#### DATA IN THIS EXERCISE
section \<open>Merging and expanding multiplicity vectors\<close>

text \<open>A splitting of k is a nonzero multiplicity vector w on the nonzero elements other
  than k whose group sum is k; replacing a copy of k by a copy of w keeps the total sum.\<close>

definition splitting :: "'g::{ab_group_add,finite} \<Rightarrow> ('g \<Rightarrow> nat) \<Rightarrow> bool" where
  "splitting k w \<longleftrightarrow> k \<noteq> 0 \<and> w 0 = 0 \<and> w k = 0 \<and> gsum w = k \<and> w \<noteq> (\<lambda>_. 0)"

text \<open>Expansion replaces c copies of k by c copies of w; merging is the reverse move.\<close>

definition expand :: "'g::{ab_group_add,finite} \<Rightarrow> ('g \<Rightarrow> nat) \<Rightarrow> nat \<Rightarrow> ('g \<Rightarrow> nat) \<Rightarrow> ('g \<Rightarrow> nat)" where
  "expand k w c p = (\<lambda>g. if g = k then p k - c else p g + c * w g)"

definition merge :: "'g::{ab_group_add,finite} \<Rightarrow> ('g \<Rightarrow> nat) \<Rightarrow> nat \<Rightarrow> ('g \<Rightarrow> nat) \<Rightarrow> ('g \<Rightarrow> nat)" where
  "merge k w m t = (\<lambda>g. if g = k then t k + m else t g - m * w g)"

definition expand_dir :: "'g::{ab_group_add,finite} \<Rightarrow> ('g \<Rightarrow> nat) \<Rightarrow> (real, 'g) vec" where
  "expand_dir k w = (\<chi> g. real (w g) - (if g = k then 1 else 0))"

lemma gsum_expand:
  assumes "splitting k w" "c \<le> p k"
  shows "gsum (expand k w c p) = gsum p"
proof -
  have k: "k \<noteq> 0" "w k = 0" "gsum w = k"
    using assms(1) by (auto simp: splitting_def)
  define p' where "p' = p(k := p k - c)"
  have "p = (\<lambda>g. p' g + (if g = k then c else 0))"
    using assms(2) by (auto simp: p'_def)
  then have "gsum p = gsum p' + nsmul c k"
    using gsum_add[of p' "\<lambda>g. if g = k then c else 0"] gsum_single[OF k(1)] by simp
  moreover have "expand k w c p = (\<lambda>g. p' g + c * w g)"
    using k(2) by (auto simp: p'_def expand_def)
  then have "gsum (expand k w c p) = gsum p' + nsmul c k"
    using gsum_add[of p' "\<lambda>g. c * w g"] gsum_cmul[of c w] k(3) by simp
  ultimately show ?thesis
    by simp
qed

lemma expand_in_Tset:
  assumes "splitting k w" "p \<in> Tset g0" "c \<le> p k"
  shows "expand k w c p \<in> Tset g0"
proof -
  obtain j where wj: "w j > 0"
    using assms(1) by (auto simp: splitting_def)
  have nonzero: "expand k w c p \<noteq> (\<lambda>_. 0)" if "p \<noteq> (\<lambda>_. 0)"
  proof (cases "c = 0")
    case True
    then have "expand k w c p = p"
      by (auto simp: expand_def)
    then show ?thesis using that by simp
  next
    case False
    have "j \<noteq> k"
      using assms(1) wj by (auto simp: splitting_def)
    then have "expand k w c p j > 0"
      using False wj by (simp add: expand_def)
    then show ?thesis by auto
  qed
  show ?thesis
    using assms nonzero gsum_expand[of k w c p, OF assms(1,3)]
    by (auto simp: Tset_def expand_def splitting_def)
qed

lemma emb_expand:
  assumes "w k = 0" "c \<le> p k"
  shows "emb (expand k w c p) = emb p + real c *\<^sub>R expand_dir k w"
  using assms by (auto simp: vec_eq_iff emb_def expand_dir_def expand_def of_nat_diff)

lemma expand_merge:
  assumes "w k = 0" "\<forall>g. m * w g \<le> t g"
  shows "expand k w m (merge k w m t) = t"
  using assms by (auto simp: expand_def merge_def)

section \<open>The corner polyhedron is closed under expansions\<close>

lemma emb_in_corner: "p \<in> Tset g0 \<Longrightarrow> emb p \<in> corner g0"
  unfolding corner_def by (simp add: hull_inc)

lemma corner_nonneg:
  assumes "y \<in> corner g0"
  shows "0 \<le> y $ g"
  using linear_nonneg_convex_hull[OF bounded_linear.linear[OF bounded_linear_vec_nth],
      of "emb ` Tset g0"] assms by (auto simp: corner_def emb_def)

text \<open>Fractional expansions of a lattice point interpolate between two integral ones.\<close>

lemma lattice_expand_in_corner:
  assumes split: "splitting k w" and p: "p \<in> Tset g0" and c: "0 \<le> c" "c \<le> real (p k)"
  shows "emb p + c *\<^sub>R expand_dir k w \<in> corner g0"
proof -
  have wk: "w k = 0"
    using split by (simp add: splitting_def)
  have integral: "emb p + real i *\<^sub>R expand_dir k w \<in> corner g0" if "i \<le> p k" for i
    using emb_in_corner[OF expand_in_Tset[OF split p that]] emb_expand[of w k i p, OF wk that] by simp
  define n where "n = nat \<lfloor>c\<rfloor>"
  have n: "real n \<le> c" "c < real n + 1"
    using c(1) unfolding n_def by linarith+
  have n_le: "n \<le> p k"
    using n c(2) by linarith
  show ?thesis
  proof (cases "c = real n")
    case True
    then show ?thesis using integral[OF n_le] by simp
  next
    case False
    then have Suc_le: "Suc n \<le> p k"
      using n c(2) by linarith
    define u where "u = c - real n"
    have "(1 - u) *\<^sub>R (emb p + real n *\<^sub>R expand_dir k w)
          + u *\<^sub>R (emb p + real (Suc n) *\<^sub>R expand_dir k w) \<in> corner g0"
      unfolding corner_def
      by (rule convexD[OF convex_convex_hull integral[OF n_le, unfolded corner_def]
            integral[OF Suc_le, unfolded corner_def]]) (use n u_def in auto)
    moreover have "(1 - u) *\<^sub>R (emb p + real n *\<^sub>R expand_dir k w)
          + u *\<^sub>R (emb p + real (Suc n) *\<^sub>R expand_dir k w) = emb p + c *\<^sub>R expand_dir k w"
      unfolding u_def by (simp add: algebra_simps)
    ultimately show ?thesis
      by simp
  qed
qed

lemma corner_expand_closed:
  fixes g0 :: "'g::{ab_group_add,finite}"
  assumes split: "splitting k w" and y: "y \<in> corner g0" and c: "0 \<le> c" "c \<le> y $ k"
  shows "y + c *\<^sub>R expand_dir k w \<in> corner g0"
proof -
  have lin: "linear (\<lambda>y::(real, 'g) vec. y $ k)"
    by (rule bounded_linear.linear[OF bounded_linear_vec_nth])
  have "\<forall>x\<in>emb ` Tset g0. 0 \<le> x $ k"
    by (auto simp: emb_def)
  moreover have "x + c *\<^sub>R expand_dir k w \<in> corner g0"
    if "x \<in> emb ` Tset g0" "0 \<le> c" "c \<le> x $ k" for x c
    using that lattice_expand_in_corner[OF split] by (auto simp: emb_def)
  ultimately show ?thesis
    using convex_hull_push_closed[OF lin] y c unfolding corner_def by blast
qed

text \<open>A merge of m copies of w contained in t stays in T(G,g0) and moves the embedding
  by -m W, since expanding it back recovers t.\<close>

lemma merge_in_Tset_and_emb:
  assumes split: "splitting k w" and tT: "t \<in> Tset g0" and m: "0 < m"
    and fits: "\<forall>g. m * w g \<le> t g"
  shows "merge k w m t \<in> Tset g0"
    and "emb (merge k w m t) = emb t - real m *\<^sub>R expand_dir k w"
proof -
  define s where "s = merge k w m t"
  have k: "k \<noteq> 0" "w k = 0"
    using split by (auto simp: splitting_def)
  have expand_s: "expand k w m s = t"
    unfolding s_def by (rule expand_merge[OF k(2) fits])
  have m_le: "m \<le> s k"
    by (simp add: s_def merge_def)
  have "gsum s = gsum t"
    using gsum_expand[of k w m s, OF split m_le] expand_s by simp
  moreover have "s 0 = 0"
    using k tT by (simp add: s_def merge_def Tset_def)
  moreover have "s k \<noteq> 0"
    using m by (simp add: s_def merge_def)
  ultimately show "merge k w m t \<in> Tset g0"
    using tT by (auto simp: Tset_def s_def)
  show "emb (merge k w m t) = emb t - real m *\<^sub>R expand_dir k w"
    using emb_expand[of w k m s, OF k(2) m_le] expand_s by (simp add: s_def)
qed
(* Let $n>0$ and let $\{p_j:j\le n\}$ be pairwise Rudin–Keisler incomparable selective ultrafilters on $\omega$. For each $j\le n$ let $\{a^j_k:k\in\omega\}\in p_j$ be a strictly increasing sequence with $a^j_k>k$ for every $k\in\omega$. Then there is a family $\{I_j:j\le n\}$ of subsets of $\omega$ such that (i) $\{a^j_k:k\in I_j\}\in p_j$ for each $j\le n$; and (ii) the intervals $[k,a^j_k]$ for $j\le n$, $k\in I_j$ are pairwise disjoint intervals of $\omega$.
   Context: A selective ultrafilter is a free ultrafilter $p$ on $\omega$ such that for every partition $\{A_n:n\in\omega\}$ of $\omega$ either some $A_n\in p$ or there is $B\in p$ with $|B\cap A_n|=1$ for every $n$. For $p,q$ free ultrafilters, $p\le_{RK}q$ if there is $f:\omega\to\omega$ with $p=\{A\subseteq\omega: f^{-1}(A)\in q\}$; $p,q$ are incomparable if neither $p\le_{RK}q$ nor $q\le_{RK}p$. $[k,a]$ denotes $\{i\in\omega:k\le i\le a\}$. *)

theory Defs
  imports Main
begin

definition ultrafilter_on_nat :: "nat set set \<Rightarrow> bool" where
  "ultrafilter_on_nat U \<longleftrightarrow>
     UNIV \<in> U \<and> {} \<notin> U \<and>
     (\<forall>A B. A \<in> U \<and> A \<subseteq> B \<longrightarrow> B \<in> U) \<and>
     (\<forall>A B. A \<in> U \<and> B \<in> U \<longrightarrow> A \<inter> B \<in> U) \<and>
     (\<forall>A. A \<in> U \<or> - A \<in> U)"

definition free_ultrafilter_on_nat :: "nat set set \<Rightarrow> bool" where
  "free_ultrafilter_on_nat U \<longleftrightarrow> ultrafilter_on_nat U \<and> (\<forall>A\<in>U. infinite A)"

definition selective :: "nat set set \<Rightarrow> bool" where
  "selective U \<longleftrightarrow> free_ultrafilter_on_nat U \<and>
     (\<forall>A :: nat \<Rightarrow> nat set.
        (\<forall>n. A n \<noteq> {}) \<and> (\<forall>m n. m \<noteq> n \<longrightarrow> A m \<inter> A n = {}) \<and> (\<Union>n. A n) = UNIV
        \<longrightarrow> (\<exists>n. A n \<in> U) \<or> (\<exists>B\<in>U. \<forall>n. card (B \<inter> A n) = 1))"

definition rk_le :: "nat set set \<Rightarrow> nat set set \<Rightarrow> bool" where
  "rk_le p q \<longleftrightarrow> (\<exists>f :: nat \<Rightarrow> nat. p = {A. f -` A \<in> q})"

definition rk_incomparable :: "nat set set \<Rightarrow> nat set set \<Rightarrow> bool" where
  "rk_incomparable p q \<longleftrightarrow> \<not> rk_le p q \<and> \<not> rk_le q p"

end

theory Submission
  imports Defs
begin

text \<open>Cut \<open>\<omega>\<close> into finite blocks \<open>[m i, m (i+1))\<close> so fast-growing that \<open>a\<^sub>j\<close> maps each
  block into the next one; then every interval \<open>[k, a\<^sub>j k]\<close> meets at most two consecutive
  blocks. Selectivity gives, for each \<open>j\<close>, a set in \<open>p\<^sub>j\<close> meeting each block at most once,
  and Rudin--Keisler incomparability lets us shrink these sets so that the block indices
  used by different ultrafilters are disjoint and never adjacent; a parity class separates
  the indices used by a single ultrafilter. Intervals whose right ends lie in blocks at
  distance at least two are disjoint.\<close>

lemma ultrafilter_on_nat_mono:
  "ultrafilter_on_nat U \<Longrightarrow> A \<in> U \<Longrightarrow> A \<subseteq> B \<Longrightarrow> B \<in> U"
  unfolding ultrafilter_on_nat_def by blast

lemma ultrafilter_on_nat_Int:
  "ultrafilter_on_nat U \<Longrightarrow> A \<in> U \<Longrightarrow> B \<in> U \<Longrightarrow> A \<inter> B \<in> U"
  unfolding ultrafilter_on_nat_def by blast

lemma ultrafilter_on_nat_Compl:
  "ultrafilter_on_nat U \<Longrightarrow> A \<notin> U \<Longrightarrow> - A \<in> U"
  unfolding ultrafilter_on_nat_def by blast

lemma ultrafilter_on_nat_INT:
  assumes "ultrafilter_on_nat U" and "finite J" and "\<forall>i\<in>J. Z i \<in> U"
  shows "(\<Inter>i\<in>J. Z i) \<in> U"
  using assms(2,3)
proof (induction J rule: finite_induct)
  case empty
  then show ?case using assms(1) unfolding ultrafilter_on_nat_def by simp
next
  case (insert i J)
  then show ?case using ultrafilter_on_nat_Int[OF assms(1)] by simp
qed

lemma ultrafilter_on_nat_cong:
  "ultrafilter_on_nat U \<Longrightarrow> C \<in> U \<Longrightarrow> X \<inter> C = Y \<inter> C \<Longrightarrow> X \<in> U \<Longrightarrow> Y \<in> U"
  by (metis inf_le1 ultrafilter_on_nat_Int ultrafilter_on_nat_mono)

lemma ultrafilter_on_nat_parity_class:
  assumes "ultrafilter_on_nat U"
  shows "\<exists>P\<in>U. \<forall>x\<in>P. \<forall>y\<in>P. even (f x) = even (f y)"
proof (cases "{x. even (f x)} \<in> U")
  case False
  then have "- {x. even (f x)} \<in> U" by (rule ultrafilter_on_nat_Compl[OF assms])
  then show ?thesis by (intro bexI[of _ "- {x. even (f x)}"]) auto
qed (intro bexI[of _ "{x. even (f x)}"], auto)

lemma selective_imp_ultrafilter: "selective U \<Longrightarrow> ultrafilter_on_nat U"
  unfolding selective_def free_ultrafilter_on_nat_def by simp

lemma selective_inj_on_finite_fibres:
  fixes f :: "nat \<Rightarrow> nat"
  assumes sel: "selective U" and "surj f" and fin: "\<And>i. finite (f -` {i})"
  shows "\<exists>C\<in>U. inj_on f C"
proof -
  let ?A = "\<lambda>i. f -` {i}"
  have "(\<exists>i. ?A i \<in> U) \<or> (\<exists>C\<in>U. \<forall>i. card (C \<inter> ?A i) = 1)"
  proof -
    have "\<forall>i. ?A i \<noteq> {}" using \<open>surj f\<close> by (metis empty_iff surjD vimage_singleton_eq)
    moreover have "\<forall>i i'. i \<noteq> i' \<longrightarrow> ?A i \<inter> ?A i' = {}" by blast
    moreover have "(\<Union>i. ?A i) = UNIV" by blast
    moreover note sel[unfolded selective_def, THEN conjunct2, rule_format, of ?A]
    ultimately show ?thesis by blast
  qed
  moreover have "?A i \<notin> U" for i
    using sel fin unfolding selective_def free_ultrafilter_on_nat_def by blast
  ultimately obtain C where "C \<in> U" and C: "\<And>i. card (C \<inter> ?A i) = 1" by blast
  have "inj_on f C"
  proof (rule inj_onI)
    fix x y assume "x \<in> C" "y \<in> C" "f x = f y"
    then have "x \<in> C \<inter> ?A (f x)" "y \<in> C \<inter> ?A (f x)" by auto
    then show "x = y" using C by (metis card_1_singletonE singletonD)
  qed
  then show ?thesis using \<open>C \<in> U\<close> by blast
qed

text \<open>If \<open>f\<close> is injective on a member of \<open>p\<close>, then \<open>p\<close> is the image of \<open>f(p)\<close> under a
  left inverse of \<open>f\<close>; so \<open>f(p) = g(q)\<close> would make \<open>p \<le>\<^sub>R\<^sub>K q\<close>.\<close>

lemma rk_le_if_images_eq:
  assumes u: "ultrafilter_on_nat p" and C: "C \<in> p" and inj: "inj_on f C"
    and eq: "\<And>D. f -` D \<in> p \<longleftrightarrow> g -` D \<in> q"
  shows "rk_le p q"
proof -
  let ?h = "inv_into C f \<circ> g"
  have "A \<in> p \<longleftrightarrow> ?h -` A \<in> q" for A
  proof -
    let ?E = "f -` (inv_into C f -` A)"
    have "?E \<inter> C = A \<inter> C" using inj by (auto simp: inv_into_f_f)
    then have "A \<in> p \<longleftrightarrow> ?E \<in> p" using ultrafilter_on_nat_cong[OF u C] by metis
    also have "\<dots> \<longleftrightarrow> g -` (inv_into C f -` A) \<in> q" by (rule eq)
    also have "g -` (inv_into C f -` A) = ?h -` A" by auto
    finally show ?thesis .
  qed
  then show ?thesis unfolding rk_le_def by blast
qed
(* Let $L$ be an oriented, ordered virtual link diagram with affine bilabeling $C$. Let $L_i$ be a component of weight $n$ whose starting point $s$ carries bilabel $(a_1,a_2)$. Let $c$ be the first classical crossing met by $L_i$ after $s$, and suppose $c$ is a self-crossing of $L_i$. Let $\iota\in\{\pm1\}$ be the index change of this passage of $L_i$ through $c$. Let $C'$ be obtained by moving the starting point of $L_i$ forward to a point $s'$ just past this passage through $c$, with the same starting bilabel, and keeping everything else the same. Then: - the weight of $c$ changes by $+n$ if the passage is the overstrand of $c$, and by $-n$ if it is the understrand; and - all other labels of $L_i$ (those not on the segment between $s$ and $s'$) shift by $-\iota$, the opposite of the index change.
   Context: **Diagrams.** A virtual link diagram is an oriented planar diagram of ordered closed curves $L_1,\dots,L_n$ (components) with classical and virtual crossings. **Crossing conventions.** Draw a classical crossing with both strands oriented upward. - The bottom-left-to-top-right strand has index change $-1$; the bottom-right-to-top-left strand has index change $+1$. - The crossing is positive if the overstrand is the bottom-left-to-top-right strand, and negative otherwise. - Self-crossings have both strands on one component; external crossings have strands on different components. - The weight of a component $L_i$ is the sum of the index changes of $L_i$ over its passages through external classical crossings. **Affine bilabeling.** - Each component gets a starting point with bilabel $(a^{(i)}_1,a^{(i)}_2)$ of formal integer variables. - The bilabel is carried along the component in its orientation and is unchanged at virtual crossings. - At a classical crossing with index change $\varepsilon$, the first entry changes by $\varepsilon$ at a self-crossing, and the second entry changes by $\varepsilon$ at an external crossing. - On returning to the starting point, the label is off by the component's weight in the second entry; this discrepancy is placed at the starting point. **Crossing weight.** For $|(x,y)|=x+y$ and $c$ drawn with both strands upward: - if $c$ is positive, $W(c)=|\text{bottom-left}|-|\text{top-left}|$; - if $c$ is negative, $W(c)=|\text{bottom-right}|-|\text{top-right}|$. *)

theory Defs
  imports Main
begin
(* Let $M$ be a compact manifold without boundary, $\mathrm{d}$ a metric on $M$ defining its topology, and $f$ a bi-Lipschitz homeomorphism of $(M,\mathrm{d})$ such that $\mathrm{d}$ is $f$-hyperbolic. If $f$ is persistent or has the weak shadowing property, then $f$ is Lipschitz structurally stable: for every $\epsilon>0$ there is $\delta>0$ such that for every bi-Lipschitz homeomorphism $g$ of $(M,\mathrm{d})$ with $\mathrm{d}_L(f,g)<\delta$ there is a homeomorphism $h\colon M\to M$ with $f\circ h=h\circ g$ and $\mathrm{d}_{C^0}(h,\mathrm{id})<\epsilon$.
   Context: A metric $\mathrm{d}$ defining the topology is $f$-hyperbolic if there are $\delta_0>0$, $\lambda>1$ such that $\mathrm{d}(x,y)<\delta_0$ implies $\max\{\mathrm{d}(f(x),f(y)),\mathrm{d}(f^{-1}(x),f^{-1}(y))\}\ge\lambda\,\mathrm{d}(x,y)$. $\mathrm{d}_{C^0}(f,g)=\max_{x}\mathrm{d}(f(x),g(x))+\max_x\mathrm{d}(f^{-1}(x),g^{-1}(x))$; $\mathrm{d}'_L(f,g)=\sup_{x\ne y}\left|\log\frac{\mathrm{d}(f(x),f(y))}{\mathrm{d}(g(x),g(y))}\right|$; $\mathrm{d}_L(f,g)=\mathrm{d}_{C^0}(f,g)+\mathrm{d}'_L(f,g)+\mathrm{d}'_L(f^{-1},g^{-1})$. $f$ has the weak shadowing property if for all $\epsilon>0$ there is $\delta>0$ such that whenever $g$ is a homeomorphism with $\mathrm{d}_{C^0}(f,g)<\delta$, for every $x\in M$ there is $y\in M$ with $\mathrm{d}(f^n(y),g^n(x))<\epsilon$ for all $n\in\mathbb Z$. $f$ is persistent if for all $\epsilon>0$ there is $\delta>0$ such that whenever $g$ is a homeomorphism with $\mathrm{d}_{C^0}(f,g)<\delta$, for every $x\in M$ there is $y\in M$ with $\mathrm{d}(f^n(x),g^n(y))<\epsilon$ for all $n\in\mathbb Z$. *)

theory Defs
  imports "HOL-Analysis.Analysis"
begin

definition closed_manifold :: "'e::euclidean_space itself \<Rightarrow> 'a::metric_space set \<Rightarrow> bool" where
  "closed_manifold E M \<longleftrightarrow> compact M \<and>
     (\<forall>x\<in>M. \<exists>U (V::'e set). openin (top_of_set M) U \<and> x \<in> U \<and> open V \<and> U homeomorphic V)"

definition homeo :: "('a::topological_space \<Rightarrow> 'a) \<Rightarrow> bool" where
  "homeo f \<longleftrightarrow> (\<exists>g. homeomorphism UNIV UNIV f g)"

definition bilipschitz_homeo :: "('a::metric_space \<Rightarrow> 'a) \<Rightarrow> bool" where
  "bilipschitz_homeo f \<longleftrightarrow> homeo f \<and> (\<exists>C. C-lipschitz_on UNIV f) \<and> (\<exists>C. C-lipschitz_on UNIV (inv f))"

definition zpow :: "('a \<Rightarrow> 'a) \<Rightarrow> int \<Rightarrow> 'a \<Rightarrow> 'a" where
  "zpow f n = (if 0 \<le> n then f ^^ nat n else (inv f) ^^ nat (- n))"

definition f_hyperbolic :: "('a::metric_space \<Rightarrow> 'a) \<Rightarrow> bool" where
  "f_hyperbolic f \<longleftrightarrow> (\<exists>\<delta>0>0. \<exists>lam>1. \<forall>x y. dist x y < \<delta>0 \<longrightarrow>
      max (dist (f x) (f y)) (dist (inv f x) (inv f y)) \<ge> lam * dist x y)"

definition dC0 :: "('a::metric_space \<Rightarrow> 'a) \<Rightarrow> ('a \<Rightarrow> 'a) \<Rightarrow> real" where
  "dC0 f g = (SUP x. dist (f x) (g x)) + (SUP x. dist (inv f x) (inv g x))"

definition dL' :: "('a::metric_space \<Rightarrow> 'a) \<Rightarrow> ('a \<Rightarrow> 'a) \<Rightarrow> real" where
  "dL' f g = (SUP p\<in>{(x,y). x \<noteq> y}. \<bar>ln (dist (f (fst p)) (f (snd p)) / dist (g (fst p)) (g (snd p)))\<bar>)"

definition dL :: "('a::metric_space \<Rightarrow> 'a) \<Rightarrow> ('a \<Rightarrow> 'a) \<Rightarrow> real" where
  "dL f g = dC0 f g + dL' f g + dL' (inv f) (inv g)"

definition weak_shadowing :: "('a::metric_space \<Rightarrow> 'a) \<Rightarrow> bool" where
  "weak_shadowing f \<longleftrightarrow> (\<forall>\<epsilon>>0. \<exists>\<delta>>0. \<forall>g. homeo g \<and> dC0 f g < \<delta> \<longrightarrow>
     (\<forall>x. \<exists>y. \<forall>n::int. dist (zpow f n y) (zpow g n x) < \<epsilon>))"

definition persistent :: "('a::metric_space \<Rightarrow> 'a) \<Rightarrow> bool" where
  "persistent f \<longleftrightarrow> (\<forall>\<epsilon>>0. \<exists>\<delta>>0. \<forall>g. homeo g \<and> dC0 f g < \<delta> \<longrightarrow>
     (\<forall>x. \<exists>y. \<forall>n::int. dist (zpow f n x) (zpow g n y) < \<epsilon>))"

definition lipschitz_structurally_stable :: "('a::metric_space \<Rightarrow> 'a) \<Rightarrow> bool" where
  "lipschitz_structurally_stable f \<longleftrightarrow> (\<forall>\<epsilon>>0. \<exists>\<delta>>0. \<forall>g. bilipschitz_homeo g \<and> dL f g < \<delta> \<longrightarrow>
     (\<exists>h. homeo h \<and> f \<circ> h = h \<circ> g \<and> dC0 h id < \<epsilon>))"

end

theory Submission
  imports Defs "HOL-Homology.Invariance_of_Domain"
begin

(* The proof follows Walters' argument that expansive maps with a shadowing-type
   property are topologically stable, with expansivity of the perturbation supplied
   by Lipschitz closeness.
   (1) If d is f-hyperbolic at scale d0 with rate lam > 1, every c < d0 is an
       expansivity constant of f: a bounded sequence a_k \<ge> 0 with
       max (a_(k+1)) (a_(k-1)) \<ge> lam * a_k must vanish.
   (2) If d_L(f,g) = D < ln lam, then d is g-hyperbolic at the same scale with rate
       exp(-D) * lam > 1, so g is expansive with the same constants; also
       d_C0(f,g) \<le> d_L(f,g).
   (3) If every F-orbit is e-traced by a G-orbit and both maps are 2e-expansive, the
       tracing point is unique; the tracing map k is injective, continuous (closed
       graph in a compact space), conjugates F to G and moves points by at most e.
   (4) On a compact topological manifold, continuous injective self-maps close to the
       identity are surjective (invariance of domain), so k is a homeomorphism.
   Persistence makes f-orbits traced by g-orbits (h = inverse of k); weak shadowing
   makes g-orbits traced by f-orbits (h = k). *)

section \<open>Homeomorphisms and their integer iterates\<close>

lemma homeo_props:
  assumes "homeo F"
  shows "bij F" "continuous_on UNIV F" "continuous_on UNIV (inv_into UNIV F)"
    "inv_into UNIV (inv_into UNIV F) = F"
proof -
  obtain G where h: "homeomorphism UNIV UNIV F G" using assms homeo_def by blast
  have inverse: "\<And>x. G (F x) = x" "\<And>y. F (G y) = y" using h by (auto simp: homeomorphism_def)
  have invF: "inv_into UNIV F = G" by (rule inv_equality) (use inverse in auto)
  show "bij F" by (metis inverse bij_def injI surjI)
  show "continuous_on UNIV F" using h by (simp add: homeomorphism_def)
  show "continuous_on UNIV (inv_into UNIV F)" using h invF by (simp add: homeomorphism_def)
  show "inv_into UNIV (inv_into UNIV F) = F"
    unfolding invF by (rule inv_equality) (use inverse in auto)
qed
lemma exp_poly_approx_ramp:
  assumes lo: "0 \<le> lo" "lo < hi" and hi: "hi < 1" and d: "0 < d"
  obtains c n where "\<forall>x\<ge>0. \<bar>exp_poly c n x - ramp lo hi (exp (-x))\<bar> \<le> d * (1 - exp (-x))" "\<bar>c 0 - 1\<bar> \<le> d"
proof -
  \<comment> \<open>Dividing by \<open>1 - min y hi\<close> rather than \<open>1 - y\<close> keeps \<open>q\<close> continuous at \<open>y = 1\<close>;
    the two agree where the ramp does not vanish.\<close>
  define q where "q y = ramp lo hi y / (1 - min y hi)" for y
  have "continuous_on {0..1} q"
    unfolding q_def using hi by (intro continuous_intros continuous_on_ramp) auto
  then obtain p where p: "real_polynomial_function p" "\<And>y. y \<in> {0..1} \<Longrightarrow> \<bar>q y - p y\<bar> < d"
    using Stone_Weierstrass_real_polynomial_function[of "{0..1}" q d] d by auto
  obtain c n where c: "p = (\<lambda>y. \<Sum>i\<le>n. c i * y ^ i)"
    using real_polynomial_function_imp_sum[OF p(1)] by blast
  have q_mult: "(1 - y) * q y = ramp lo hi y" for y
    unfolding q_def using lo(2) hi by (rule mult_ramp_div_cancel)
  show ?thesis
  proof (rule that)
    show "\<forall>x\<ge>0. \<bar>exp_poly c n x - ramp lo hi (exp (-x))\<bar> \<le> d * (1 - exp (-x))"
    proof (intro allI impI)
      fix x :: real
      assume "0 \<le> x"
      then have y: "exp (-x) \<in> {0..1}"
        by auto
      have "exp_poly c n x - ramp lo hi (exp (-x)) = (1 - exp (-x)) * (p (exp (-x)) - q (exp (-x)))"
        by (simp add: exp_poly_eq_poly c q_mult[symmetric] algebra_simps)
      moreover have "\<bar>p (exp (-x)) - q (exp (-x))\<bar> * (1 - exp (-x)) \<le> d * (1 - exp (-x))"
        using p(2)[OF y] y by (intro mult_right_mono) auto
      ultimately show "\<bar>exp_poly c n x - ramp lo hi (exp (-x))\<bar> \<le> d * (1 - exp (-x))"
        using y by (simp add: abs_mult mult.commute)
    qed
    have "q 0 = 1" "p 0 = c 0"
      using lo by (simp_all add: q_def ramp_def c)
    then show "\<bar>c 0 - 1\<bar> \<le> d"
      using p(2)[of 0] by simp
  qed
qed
########
● **ACTION ITEM**:
Among the lines above, please find those with "also" and copy them.

● **TASK ANSWER**:
    also have "\<dots> \<longleftrightarrow> g -` (inv_into C f -` A) \<in> q" by (rule eq)
    also have "g -` (inv_into C f -` A) = ?h -` A" by auto
       exp(-D) * lam > 1, so g is expansive with the same constants; also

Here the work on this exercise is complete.